# [Work to complete]
Among the entries below, one line contains "by (simp add: sum_trees_upto_Suc" and another contains "n. tree_weight p". Transcribe those two lines and every line between them, exactly.
--------------------------------
definition mean_uncle_dist :: "real \<Rightarrow> real \<Rightarrow> real \<Rightarrow> nat \<Rightarrow> bool \<Rightarrow> nat \<Rightarrow> real" where
  "mean_uncle_dist p q \<gamma> n\<^sub>1 first L =
     (\<Sum>\<^sub>\<infinity>t\<in>UNIV. tree_weight p q \<gamma> first t * real (uncle_dist_sum n\<^sub>1 first L t))"

definition weighted_power_sum :: "real \<Rightarrow> nat \<Rightarrow> nat \<Rightarrow> real" where
  "weighted_power_sum x L n = (\<Sum>k=L..n. real k * x ^ (k - L))"

lemma weighted_power_sum_eq_0: "n < L \<Longrightarrow> weighted_power_sum x L n = 0"
  by (simp add: weighted_power_sum_def)

lemma weighted_power_sum_rec:
  assumes "L \<le> n"
  shows "weighted_power_sum x L n = real L + x * weighted_power_sum x (Suc L) n"
proof -
  have "(\<Sum>k=Suc L..n. real k * x ^ (k - L)) = x * (\<Sum>k=Suc L..n. real k * x ^ (k - Suc L))"
    unfolding sum_distrib_left by (rule sum.cong) (auto simp: Suc_diff_Suc simp flip: power_Suc)
  then show ?thesis
    using assms by (simp add: weighted_power_sum_def sum.atLeast_Suc_atMost)
qed

lemma weighted_power_sum_closed_form:
  "(1 - x)\<^sup>2 * weighted_power_sum x 2 (Suc m)
     = 2 - x - (real m + 2) * x ^ m + (real m + 1) * x ^ Suc m"
proof (induction m)
  case 0
  then show ?case by (simp add: weighted_power_sum_def)
next
  case (Suc m)
  have "weighted_power_sum x 2 (Suc (Suc m)) = weighted_power_sum x 2 (Suc m) + (real m + 2) * x ^ m"
    by (simp add: weighted_power_sum_def sum.cl_ivl_Suc)
  then show ?case
    using Suc.IH by (simp add: distrib_left power2_eq_square algebra_simps)
qed

context
  fixes p q \<gamma> :: real and n\<^sub>1 :: nat
  assumes q_pos: "0 < q" and q_less_p: "q < p" and p_plus_q: "p + q = 1"
    and \<gamma>_nonneg: "0 \<le> \<gamma>" and \<gamma>_le_1: "\<gamma> \<le> 1"
begin

lemma tree_weight_nonneg: "0 \<le> tree_weight p q \<gamma> first t"
proof (induction t arbitrary: first)
  case (Leaf e)
  then show ?case
    using q_pos q_less_p \<gamma>_nonneg \<gamma>_le_1 by (cases e) (auto simp: leaf_weight_def)
qed (use q_pos in auto)

lemma sum_tree_weight_Leaf: "(\<Sum>e\<in>UNIV. tree_weight p q \<gamma> first (Leaf e)) = p"
  by (cases first) (auto simp: UNIV_event leaf_weight_def algebra_simps)

lemma sum_mean_uncle_dist_Leaf:
  "(\<Sum>e\<in>UNIV. tree_weight p q \<gamma> first (Leaf e) * real (uncle_dist_sum n\<^sub>1 first L (Leaf e)))
     = (if first then p else p * \<gamma>) * (if L \<le> n\<^sub>1 then real L else 0)"
  by (cases first) (auto simp: UNIV_event leaf_weight_def algebra_simps)

lemma uncle_dist_sum_eq_0: "n\<^sub>1 < L \<Longrightarrow> uncle_dist_sum n\<^sub>1 first L t = 0"
  by (induction t arbitrary: first L) auto

lemma sum_tree_weight_le_1: "sum (tree_weight p q \<gamma> first) (trees_upto n) \<le> 1"
proof (induction n arbitrary: first)
  case 0
  then show ?case
    using sum_tree_weight_Leaf[of first] p_plus_q q_pos
    by (simp add: sum_trees_upto_0 del: tree_weight.simps)
next
  case (Suc n)
  let ?w = "tree_weight p q \<gamma>"
  have "(\<Sum>(l, r)\<in>trees_upto n \<times> trees_upto n. ?w first (Node l r))
      = q * (sum (?w first) (trees_upto n) * sum (?w False) (trees_upto n))"
    using sum_product_Times[of "\<lambda>l. q * ?w first l" "?w False"]
    by (simp add: sum_distrib_left[symmetric] mult.assoc)
  also have "\<dots> \<le> q"
    using Suc.IH q_pos by (intro mult_left_le mult_le_one sum_nonneg tree_weight_nonneg) auto
  finally show ?case
    using sum_tree_weight_Leaf[of first] p_plus_q
    by (simp add: sum_trees_upto_Suc del: tree_weight.simps)
qed

text \<open>The bound \<open>K\<close> is the fixed point of \<open>K = p n\<^sub>1 + 2 q K\<close>, which the
  decomposition at the root preserves.\<close>
lemma sum_uncle_dist_le:
  "(\<Sum>t\<in>trees_upto n. tree_weight p q \<gamma> first t * real (uncle_dist_sum n\<^sub>1 first L t))
     \<le> p * n\<^sub>1 / (p - q)"
proof -
  define K where "K = p * n\<^sub>1 / (p - q)"
  have K_fixed: "p * n\<^sub>1 + 2 * q * K = K"
  proof -
    have "K * (p - q) = p * n\<^sub>1"
      using q_less_p by (simp add: K_def)
    moreover have "K = K * (p + q)"
      using p_plus_q by simp
    ultimately show ?thesis
      by (simp add: algebra_simps)
  qed
  have K_nonneg: "0 \<le> K"
    using q_less_p q_pos by (simp add: K_def)
  let ?w = "tree_weight p q \<gamma>" and ?d = "uncle_dist_sum n\<^sub>1"
  have leaves_le: "(\<Sum>e\<in>UNIV. ?w first (Leaf e) * real (?d first L (Leaf e))) \<le> p * n\<^sub>1"
    for first L
  proof -
    have "(\<Sum>e\<in>UNIV. ?w first (Leaf e) * real (?d first L (Leaf e))) \<le> (\<Sum>e\<in>UNIV. ?w first (Leaf e) * n\<^sub>1)"
      by (intro sum_mono mult_left_mono) (auto simp: tree_weight_nonneg simp del: tree_weight.simps)
    also have "\<dots> = p * n\<^sub>1"
      using sum_tree_weight_Leaf[of first] by (simp add: sum_distrib_right[symmetric] del: tree_weight.simps)
    finally show ?thesis .
  qed
  have "(\<Sum>t\<in>trees_upto n. ?w first t * real (?d first L t)) \<le> K"
  proof (induction n arbitrary: first L)
    case 0
    show ?case
      unfolding sum_trees_upto_0 using leaves_le[of first L] K_fixed K_nonneg q_pos
      by (smt (verit) mult_nonneg_nonneg)
  next
    case (Suc n)
    have "(\<Sum>(l, r)\<in>trees_upto n \<times> trees_upto n. ?w first (Node l r) * real (?d first L (Node l r)))
       = (\<Sum>(l, r)\<in>trees_upto n \<times> trees_upto n. (q * (?w first l * real (?d first (Suc L) l))) * ?w False r)
       + (\<Sum>(l, r)\<in>trees_upto n \<times> trees_upto n. (q * ?w first l) * (?w False r * real (?d False L r)))"
      by (subst sum.distrib[symmetric]) (auto intro!: sum.cong simp: algebra_simps)
    also have "\<dots> = q * ((\<Sum>l\<in>trees_upto n. ?w first l * real (?d first (Suc L) l)) * sum (?w False) (trees_upto n))
       + q * (sum (?w first) (trees_upto n) * (\<Sum>r\<in>trees_upto n. ?w False r * real (?d False L r)))"
      unfolding sum_product_Times sum_distrib_left[symmetric] by (simp add: mult.assoc)
    also have "\<dots> \<le> q * (K * 1) + q * (1 * K)"
      using Suc.IH q_pos sum_tree_weight_le_1 K_nonneg
      by (intro add_mono mult_left_mono mult_mono)
         (auto intro!: sum_nonneg mult_nonneg_nonneg tree_weight_nonneg)
    finally show ?case
      unfolding sum_trees_upto_Suc using leaves_le[of first L] K_fixed by linarith
  qed
  then show ?thesis
    by (simp add: K_def)
qed

lemma summable_tree_weight: "tree_weight p q \<gamma> first summable_on UNIV"
  and total_weight_le_1: "total_weight p q \<gamma> first \<le> 1"
  using summable_on_btree_if_bounded infsum_btree_le_if_bounded
    tree_weight_nonneg sum_tree_weight_le_1 unfolding total_weight_def by blast+

lemma summable_uncle_dist:
  "(\<lambda>t. tree_weight p q \<gamma> first t * real (uncle_dist_sum n\<^sub>1 first L t)) summable_on UNIV"
  by (rule summable_on_btree_if_bounded[OF _ sum_uncle_dist_le]) (simp add: tree_weight_nonneg)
--------------------------------
# [Response]
    by (simp add: sum_trees_upto_Suc del: tree_weight.simps)
qed

text \<open>The bound \<open>K\<close> is the fixed point of \<open>K = p n\<^sub>1 + 2 q K\<close>, which the
  decomposition at the root preserves.\<close>
lemma sum_uncle_dist_le:
  "(\<Sum>t\<in>trees_upto n. tree_weight p q \<gamma> first t * real (uncle_dist_sum n\<^sub>1 first L t))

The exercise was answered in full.